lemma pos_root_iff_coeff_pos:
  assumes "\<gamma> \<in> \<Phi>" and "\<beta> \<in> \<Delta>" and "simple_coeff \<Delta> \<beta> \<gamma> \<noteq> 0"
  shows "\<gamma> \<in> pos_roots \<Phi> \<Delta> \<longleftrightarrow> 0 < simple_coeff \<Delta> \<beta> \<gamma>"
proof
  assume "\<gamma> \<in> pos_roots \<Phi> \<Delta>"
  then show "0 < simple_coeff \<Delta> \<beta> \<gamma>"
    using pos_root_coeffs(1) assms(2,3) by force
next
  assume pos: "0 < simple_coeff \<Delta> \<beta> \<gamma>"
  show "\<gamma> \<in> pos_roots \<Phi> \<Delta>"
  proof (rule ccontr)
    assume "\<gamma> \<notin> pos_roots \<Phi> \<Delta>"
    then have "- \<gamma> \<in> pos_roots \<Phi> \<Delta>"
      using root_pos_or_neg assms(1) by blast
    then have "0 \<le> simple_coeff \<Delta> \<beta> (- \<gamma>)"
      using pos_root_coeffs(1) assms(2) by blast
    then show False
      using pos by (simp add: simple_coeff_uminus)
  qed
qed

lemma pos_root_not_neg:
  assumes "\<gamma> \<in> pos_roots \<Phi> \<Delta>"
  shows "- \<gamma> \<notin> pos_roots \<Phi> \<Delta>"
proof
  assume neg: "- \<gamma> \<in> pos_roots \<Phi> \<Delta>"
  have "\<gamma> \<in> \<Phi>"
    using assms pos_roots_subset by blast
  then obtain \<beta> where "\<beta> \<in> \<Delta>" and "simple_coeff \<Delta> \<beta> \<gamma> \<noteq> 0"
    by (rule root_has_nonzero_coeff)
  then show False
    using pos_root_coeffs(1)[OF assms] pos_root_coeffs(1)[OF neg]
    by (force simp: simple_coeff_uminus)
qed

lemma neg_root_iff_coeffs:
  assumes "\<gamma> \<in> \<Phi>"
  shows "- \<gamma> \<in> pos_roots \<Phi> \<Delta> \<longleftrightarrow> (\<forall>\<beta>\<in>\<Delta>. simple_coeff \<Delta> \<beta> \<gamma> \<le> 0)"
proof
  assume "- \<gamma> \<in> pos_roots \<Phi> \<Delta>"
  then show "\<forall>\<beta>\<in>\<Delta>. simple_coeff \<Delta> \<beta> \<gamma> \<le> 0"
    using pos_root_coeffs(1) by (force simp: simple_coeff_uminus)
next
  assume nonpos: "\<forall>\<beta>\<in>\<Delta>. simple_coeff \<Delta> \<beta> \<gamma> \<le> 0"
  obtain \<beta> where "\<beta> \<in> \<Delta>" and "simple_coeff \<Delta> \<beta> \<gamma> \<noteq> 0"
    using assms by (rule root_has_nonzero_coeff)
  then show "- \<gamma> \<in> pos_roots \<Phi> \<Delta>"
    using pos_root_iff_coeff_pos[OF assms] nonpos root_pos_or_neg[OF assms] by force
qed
...
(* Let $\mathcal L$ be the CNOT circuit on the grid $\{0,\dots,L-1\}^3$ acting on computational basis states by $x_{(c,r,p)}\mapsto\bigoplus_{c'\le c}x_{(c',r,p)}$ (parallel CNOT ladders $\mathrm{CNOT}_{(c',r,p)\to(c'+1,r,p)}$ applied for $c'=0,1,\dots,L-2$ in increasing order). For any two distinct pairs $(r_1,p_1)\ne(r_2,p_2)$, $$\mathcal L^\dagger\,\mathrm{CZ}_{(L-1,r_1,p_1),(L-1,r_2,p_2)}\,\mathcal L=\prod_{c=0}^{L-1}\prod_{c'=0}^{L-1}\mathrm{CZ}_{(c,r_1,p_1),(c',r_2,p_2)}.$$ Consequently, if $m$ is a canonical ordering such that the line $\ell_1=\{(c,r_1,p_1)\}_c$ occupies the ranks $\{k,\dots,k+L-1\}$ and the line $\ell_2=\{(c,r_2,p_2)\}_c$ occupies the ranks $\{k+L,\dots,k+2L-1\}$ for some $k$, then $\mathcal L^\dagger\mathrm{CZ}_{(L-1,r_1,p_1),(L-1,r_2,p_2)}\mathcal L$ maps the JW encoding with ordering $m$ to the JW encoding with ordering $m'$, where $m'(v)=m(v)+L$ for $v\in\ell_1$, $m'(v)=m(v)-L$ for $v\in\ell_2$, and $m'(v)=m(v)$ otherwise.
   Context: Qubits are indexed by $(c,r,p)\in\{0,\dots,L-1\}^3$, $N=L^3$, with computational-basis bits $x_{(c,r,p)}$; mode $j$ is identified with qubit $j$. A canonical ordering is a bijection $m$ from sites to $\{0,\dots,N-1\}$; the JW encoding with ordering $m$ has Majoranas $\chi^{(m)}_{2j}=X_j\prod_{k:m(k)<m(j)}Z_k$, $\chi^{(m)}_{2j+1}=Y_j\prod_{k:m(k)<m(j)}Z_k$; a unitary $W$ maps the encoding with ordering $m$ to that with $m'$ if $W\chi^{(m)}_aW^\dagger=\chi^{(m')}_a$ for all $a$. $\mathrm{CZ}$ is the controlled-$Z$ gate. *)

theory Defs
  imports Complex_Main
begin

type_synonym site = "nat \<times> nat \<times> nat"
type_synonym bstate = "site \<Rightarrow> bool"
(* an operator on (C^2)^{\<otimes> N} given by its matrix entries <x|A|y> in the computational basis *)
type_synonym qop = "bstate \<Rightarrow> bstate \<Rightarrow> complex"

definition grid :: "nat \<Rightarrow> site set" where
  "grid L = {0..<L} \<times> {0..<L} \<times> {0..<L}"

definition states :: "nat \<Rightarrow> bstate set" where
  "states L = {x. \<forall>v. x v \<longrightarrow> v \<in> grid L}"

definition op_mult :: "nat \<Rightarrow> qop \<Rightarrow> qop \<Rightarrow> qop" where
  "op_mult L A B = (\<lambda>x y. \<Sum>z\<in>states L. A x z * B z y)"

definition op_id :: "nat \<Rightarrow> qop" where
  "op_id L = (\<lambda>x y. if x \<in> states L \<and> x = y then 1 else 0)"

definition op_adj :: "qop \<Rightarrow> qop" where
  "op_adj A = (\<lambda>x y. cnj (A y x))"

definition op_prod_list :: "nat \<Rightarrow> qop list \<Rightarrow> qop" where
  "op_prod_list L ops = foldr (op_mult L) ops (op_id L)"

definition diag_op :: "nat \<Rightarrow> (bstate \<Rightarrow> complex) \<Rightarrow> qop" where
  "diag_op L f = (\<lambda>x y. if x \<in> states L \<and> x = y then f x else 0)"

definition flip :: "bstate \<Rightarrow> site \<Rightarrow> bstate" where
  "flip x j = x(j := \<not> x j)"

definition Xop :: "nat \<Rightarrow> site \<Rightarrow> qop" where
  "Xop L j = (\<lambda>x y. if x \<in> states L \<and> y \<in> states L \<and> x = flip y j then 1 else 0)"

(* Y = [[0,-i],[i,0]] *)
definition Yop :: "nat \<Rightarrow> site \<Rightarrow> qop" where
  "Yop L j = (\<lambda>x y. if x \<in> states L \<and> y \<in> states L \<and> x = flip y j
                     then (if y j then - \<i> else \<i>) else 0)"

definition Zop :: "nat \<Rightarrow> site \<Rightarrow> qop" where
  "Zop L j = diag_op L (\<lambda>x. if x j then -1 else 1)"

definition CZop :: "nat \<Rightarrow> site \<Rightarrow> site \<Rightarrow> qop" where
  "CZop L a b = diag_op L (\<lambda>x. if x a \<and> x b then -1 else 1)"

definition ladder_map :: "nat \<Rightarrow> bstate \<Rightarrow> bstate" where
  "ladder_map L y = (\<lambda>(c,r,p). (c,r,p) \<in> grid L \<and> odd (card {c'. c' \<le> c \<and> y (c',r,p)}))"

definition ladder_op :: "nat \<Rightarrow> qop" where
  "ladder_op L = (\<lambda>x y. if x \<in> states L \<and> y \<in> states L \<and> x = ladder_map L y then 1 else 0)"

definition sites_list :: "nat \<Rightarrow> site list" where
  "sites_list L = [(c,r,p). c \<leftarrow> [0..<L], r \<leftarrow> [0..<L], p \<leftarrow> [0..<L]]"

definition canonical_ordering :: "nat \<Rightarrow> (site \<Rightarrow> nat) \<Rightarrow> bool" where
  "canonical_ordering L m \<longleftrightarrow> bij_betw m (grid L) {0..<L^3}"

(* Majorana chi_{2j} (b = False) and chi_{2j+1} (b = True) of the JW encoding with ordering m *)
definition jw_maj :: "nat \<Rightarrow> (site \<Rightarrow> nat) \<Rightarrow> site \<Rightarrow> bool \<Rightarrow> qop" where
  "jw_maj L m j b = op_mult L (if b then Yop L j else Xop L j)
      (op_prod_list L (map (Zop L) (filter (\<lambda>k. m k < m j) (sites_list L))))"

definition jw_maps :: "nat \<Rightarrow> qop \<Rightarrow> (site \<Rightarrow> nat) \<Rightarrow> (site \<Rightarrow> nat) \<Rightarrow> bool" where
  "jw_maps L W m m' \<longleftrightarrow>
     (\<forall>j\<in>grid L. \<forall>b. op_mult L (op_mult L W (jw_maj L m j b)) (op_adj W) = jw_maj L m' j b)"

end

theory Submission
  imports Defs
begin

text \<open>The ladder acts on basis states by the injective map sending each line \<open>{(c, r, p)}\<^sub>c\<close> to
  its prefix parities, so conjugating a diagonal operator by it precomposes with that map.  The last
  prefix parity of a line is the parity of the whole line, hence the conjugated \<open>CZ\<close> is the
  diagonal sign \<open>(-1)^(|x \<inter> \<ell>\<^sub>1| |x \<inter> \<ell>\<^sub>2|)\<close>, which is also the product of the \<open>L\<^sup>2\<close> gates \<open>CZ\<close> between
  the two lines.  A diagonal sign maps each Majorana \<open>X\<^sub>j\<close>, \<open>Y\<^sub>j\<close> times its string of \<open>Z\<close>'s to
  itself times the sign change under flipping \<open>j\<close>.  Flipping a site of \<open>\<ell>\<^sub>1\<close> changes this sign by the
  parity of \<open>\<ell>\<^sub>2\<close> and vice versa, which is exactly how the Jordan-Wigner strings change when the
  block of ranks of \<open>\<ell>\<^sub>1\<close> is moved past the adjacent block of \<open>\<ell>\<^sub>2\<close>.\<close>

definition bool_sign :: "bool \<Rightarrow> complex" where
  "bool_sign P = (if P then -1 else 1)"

ACTION ITEM: In the listing above, find the line with "the two lines." and the line with "(if P then -1", then print exactly those lines and every line between them.

TASK ANSWER:
  the two lines.  A diagonal sign maps each Majorana \<open>X\<^sub>j\<close>, \<open>Y\<^sub>j\<close> times its string of \<open>Z\<close>'s to
  itself times the sign change under flipping \<open>j\<close>.  Flipping a site of \<open>\<ell>\<^sub>1\<close> changes this sign by the
  parity of \<open>\<ell>\<^sub>2\<close> and vice versa, which is exactly how the Jordan-Wigner strings change when the
  block of ranks of \<open>\<ell>\<^sub>1\<close> is moved past the adjacent block of \<open>\<ell>\<^sub>2\<close>.\<close>

definition bool_sign :: "bool \<Rightarrow> complex" where
  "bool_sign P = (if P then -1 else 1)"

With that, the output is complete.